Thursday, 06 Oct 2005

Location: Watertown, MA, USA

Maphello friends...

A few months ago, I had the great luxury of sitting in Dharamshala at the Cloud's End (?) guest house in the company of mindful wanderers, reflecting on the week we'd just spent attending the teachings of His Holiness the Dalai Lama, checking out the surrounding Himalayan foothills, and meditating. Pico Iyer, a writer (about travel et al.) joined us for this reflective discussion; his words spilled forth effortlessly, magically. He wove his own experiences in with ours, to make us all feel like we, too, had a gift of articulation and perspective and insight. I felt almost self-congratulatory, as we discussed the concepts of enjoying the journey, seeing the joy in each moment, living simply, among others; my cup did, at that moment, runneth over with hundreds of examples of how I had done that in my almost-year traveling. I then asked a question, something along the lines of 'I will have traveled for over a year before I next settle down somewhere...can you discuss your experiences getting back into a routine after an extended journey?' Pico responded that he didn't know, he hadn't traveled for such a length of time; I should let him know how it goes. I smiled nervously, feeling part intrepid - after all, I'd come so far, climbed high, made it back in one piece, and here I was partaking in an exchange of philosophy around travel and cultural ambassadors and monastic living with some semi-famous folks - and part concerned, but only as concerned as I was lying on my stomach overlooking the ocean from the cliffs at Dun Aengus. Sort of that exhilarated concern of that is far more about happy adrenaline-pumping than about tear-inducing anxiety.

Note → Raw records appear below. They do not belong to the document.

lemma hom_diff: "f (x - y) = f x - f y"
  using hom_add[of x "- y"] by (simp add: hom_uminus)

lemma hom_sum: "f (sum g A) = (\<Sum>x\<in>A. f (g x))"
  by (induction A rule: infinite_finite_induct) (auto simp: hom_zero hom_add)

lemma hom_prod: "f (prod g A) = (\<Prod>x\<in>A. f (g x))"
  by (induction A rule: infinite_finite_induct) (auto simp: hom_one hom_mult)

lemma hom_power: "f (x ^ n) = f x ^ n"
  by (induction n) (auto simp: hom_one hom_mult)

lemma hom_dvd: "a dvd b \<Longrightarrow> f a dvd f b"
  by (metis dvd_def hom_mult)

end

lemma comm_ring_hom_comp: "comm_ring_hom f \<Longrightarrow> comm_ring_hom g \<Longrightarrow> comm_ring_hom (f \<circ> g)"
  by (simp add: comm_ring_hom_def)

lemma comm_ring_hom_divide:
  fixes f :: "'a::field \<Rightarrow> 'b::field"
  assumes "comm_ring_hom f"
  shows "f (x / y) = f x / f y"
proof -
  interpret comm_ring_hom f by fact
  have "f (inverse y) = inverse (f y)"
  proof (cases "y = 0")
    case False
    then have "f y * f (inverse y) = 1" by (simp flip: hom_mult hom_one)
    then show ?thesis by (metis inverse_unique)
  qed (simp add: hom_zero)
  then show ?thesis by (simp add: divide_inverse hom_mult)
qed

locale ring_aut = comm_ring_hom f for f :: "'a::comm_ring_1 \<Rightarrow> 'a" +
  assumes bij: "bij f"
begin

lemma inv_apply [simp]: "inv f (f x) = x"
  using bij by (simp add: bij_is_inj)

lemma apply_inv [simp]: "f (inv f x) = x"
  using bij by (simp add: bij_is_surj surj_f_inv_f)

lemma eq_0_iff [simp]: "f a = 0 \<longleftrightarrow> a = 0"
  by (metis hom_zero inv_apply)

lemma dvd_iff [simp]: "f a dvd f b \<longleftrightarrow> a dvd b"
proof
  assume "f a dvd f b"
  then obtain c where "f b = f a * f (inv f c)" by (auto elim!: dvdE)
  then have "f b = f (a * inv f c)" by (simp add: hom_mult)
  then show "a dvd b" by (metis inv_apply dvd_triv_left)
qed (rule hom_dvd)

lemma dvd_1_iff [simp]: "f a dvd 1 \<longleftrightarrow> a dvd 1"
  using dvd_iff[of a 1] by (simp add: hom_one)

lemma ring_aut_inv: "ring_aut (inv f)"
proof unfold_locales
  show "inv f (x + y) = inv f x + inv f y" for x y
    by (metis apply_inv inv_apply hom_add)
  show "inv f (x * y) = inv f x * inv f y" for x y
    by (metis apply_inv inv_apply hom_mult)
  show "inv f 1 = 1"
    by (metis inv_apply hom_one)
  show "bij (inv f)"
    by (rule bij_imp_bij_inv[OF bij])
qed

end

lemma ring_aut_id: "ring_aut id"
  by unfold_locales simp_all

lemma ring_aut_comp: "ring_aut f \<Longrightarrow> ring_aut g \<Longrightarrow> ring_aut (f \<circ> g)"
  by (simp add: ring_aut_def ring_aut_axioms_def comm_ring_hom_comp bij_comp)

lemma ring_aut_funpow: "ring_aut f \<Longrightarrow> ring_aut (f ^^ n)"
  by (induction n) (simp_all add: ring_aut_id ring_aut_comp)

lemma ring_aut_ipow: "ring_aut f \<Longrightarrow> ring_aut (ipow f k)"
  by (simp add: ipow_def ring_aut_funpow ring_aut.ring_aut_inv)
lemma lsc_on_SUP_continuous:
  fixes f :: "'a::metric_space \<Rightarrow> real"
  assumes cont: "\<And>i. i \<in> I \<Longrightarrow> continuous_on A (h i)"
    and below: "\<And>i x. i \<in> I \<Longrightarrow> x \<in> A \<Longrightarrow> h i x \<le> f x"
    and approx: "\<And>x e. x \<in> A \<Longrightarrow> 0 < e \<Longrightarrow> \<exists>i\<in>I. f x < h i x + e"
  shows "lsc_on A f"
  unfolding lsc_on_def
proof (intro ballI allI impI)
  fix x0 and e :: real
  assume x0: "x0 \<in> A" and e: "0 < e"
  then obtain i where i: "i \<in> I" and fi: "f x0 < h i x0 + e / 2"
    using approx[of x0 "e / 2"] by auto
  obtain d where "0 < d" and d: "\<And>x. x \<in> A \<Longrightarrow> dist x x0 < d \<Longrightarrow> dist (h i x) (h i x0) < e / 2"
    using cont[OF i] x0 e unfolding continuous_on_iff by (meson half_gt_zero)
  have "f x0 - e < f x" if "x \<in> A" "dist x x0 < d" for x
  proof -
    have "h i x0 - e / 2 < h i x"
      using d[OF that] unfolding dist_real_def by arith
    then show ?thesis
      using below[OF i \<open>x \<in> A\<close>] fi by linarith
  qed
  then show "\<exists>d>0. \<forall>x\<in>A. dist x x0 < d \<longrightarrow> f x0 - e < f x"
    using \<open>0 < d\<close> by blast
qed

lemma continuous_on_target_mean:
  assumes "continuous_on A c"
  shows "continuous_on A (target_mean c k)"
  unfolding target_mean_def[abs_def]
  by (intro continuous_on_add assms linear_continuous_on bounded_linear_vec_nth)

theorem corollary2:
  fixes H :: "real^'n^'m" and \<sigma> :: real and S :: nat and k :: 'n
    and c :: "real^'n \<Rightarrow> real"
  assumes "1 \<le> S" and "S \<le> CARD('n)"
    and "spark H > enat S"
    and "\<sigma> > 0"
    and "\<forall>x0\<in>sparse_set S. valid_at \<sigma> H S k c x0"
    and "continuous_on (sparse_set S) c"
  shows "lsc_on (sparse_set S) (min_var \<sigma> H S k c)"
proof -
  note \<sigma> = \<open>\<sigma> > 0\<close> and valid = \<open>\<forall>x0\<in>sparse_set S. valid_at \<sigma> H S k c x0\<close>
  define h where "h = (\<lambda>(F, a) x. kernel_gain \<sigma> H c k F a x - (target_mean c k x)\<^sup>2)"
  show ?thesis
  proof (rule lsc_on_SUP_continuous[where I = "{(F, a). F \<subseteq> sparse_set S}" and h = h])
    show "continuous_on (sparse_set S) (h i)" for i
      using continuous_on_target_mean[OF \<open>continuous_on (sparse_set S) c\<close>]
      by (cases i) (simp add: h_def continuous_on_diff continuous_on_kernel_gain continuous_on_power)
    show "h i x \<le> min_var \<sigma> H S k c x"
      if i: "i \<in> {(F, a). F \<subseteq> sparse_set S}" and x: "x \<in> sparse_set S" for i x
    proof -
      obtain F a where "i = (F, a)" and F: "F \<subseteq> sparse_set S"
        using i by blast
      then show ?thesis
        using kernel_gain_le_min_var[OF \<sigma> x valid[rule_format, OF x] F] by (simp add: h_def)
    qed
    show "\<exists>i\<in>{(F, a). F \<subseteq> sparse_set S}. min_var \<sigma> H S k c x < h i x + e"
      if x: "x \<in> sparse_set S" and "0 < e" for x e
    proof -
      obtain F a where "F \<subseteq> sparse_set S"
        and "min_var \<sigma> H S k c x < kernel_gain \<sigma> H c k F a x - (target_mean c k x)\<^sup>2 + e"
        by (rule min_var_approx[OF \<sigma> x valid[rule_format, OF x] \<open>0 < e\<close>])
      then show ?thesis
        by (intro bexI[of _ "(F, a)"]) (simp_all add: h_def)
    qed
  qed
qed
end
theorem proposition5p1:
  fixes M :: "'a measure" and Z :: "'a \<Rightarrow> real" and p u :: real
  assumes "prob_space M"
    and "Z \<in> borel_measurable M"
    and "integrable M Z" and "integral\<^sup>L M Z = 0"
    and "integrable M (\<lambda>\<omega>. (Z \<omega>)\<^sup>2)" and "integral\<^sup>L M (\<lambda>\<omega>. (Z \<omega>)\<^sup>2) \<le> 2"
    and "p \<ge> 1"
    and "Kp (cdf (distr M borel Z)) p < \<infinity>"
    and "0 < u" and "u \<le> 1 / 2"
  shows "\<bar>geninv (cdf (distr M borel Z)) (1 - u) - geninv Phi (1 - u)\<bar>
    \<le> max (((p + 1) * exp 1 * enn2real (Kp (cdf (distr M borel Z)) p) / (u * Q1 Phi u)) powr (1 / (p + 1)))
           (((p + 1) * exp 1 * enn2real (Kp (cdf (distr M borel Z)) p) / u) powr (1 / p))"
proof -
  define F where "F = cdf (distr M borel Z)"
  define d where "d = \<bar>geninv F (1 - u) - Phi_inv (1 - u)\<bar>"
  define m where "m = phi (Phi_inv (1 - u)) / exp 1"
  define C where "C = (p + 1) * enn2real (Kp F p)"
  have "mono_on {0<..<1} (geninv F)"
    unfolding F_def using prob_space.real_distribution_distr[OF assms(1,2)]
    by (rule mono_on_geninv_cdf)
  moreover have "{1 - u - u / exp 1..1 - u + u / exp 1} \<subseteq> {0<..<1}"
    using assms(9,10) by (rule tail_window_subset)
  ultimately have "ennreal (min (m * d) (u / exp 1) * d powr p / (p + 1)) \<le> Kp F p"
    unfolding Kp_def d_def m_def using assms(7,9,10) phi_pos
    by (intro nn_integral_quantile_gap_ge Phi_inv_lipschitz_near) auto
  moreover have "Kp F p = ennreal (enn2real (Kp F p))"
    using assms(8) by (simp add: F_def less_top[symmetric] ennreal_enn2real)
  ultimately have "min (m * d) (u / exp 1) * d powr p / (p + 1) \<le> enn2real (Kp F p)"
    by (metis ennreal_le_iff enn2real_nonneg)
  then have "min (m * d) (u / exp 1) * d powr p \<le> C"
    using assms(7) by (simp add: C_def pos_divide_le_eq mult.commute)
  then have "d \<le> max ((C / m) powr (1 / (p + 1))) ((C / (u / exp 1)) powr (1 / p))"
    using assms(7,9) phi_pos by (intro le_max_powr_if_min_mult_powr_le) (auto simp: m_def d_def)
  moreover have "C / m = (p + 1) * exp 1 * enn2real (Kp F p) / (u * Q1 Phi u)"
    using Q1_Phi[OF assms(9,10)] by (simp add: C_def m_def)
  moreover have "C / (u / exp 1) = (p + 1) * exp 1 * enn2real (Kp F p) / u"
    by (simp add: C_def)
  ultimately show ?thesis
    unfolding d_def F_def by metis
qed

end
(* Let $\nu\in\mathscr{P}_{\mathbb{T}^2}$ with marginals $\nu^{(1)},\nu^{(2)}$. (1) $\nu$ has the $\boxtimes\boxtimes$-factor $\mathrm{m}\times\delta_1$ if and only if $\nu=\mathrm{m}\times\nu^{(2)}$. (2) $\nu$ has the $\boxtimes\boxtimes$-factor $\delta_1\times\mathrm{m}$ if and only if $\nu=\nu^{(1)}\times\mathrm{m}$. (3) $\nu$ has the $\boxtimes\boxtimes$-factor $\mathrm{m}\times\mathrm{m}$ if and only if $\nu=\mathrm{m}\times\mathrm{m}$. (4) $P$ is a $\boxtimes\boxtimes$-factor of $\nu$ if and only if $m_{p,q}(\nu)=\delta_{p,q}\,m_{1,1}(\nu)^p$ for all $(p,q)\in\mathbb{Z}\times(\mathbb{N}\cup\{0\})$, where $\delta_{p,q}$ is the Kronecker delta. Statements (1)–(3) remain true if $\boxtimes\boxtimes$ is replaced by $\boxtimes\boxtimes^{\mathrm{op}}$. Moreover, $P^\star$ is a $\boxtimes\boxtimes^{\mathrm{op}}$-factor of $\nu$ if and only if $m_{p,q}(\nu)=\delta_{p,-q}\,m_{1,-1}(\nu)^p$ for all $(p,q)\in\mathbb{Z}\times(-\mathbb{N}\cup\{0\})$.
   Context: $\mathscr{P}_{\mathbb{T}^2}$: Borel probability measures on $\mathbb{T}^2$; $m_{p,q}(\nu)=\int s_1^ps_2^q\,d\nu$; convention $0^0=1$. The distribution of commuting unitaries $(u,v)$ in a $C^*$-probability space $(\mathcal{A},\varphi)$ is the $\nu$ with $m_{p,q}(\nu)=\varphi(u^pv^q)$. $\nu_1\boxtimes\boxtimes\nu_2$ is the distribution of $(u_1u_2,v_1v_2)$, where $(u_1,v_1),(u_2,v_2)$ are bi-free (Voiculescu) bipartite pairs of unitaries (each $u_i$ commutes with each $v_j$) with distributions $\nu_1,\nu_2$. $\nu^\star$ is the push-forward under $(s_1,s_2)\mapsto(s_1,1/s_2)$ and $\nu_1\boxtimes\boxtimes^{\mathrm{op}}\nu_2=(\nu_1^\star\boxtimes\boxtimes\nu_2^\star)^\star$. A measure $\mu$ is a $\boxtimes\boxtimes$-factor of $\nu$ if $\nu=\mu\boxtimes\boxtimes\mu''$ for some $\mu''\in\mathscr{P}_{\mathbb{T}^2}$ (similarly for $\boxtimes\boxtimes^{\mathrm{op}}$). $\mathrm{m}$ is normalized Haar measure on $\mathbb{T}$ and $P(B)=\mathrm{m}(\{s:(s,\bar s)\in B\})$. *)

theory Defs
  imports "HOL-Probability.Probability"
begin

type_synonym m2 = "(complex \<times> complex) measure"

definition torus2 :: "(complex \<times> complex) set" where
  "torus2 = {z. cmod (fst z) = 1 \<and> cmod (snd z) = 1}"

definition PT2 :: "m2 \<Rightarrow> bool" where
  "PT2 \<nu> \<longleftrightarrow> prob_space \<nu> \<and> sets \<nu> = sets (borel :: m2) \<and> emeasure \<nu> (UNIV - torus2) = 0"

definition tmom :: "m2 \<Rightarrow> int \<Rightarrow> int \<Rightarrow> complex" where
  "tmom \<nu> p q = (\<integral>z. (fst z) powi p * (snd z) powi q \<partial>\<nu>)"

definition haarT :: "complex measure" where
  "haarT = distr (restrict_space lborel {0..1::real}) borel (\<lambda>t. cis (2 * pi * t))"

definition delta1 :: "complex measure" where
  "delta1 = return borel 1"

definition marg1 :: "m2 \<Rightarrow> complex measure" where
  "marg1 \<nu> = distr \<nu> borel fst"

definition marg2 :: "m2 \<Rightarrow> complex measure" where
  "marg2 \<nu> = distr \<nu> borel snd"

definition Pmeas :: m2 where
  "Pmeas = distr haarT borel (\<lambda>s. (s, cnj s))"

definition tstar :: "m2 \<Rightarrow> m2" where
  "tstar \<nu> = distr \<nu> borel (\<lambda>z. (fst z, inverse (snd z)))"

So that was just a few months ago; March, to be exact. Now I'm actually having to face up to my question, and some of that intrepid, exhilarated feeling has disappeared...a bit more fun lying cliffside on my belly, I guess, or chewing the fat with a travel writer and Buddhist pilgrims in the Dalai Lama's hometown (ok, in exile) than trying to settle into a community on a long-term (?) basis. Now that I'm 'in one place,' I am feeling this pressure to do something great, to re-invent myself on as grand a scale as the journey from which I'm taking a pause. Don't get me wrong, I'm not at the point of neurotic nail-biting or self-pity, but I did have a dream a few nights ago that summed things up nicely: in the dream, I re-joined GS in NY (the same offices in which I made my start in corporate America), but I didn't know what my job was, and all the people working there rolled their eyes at me. Yep.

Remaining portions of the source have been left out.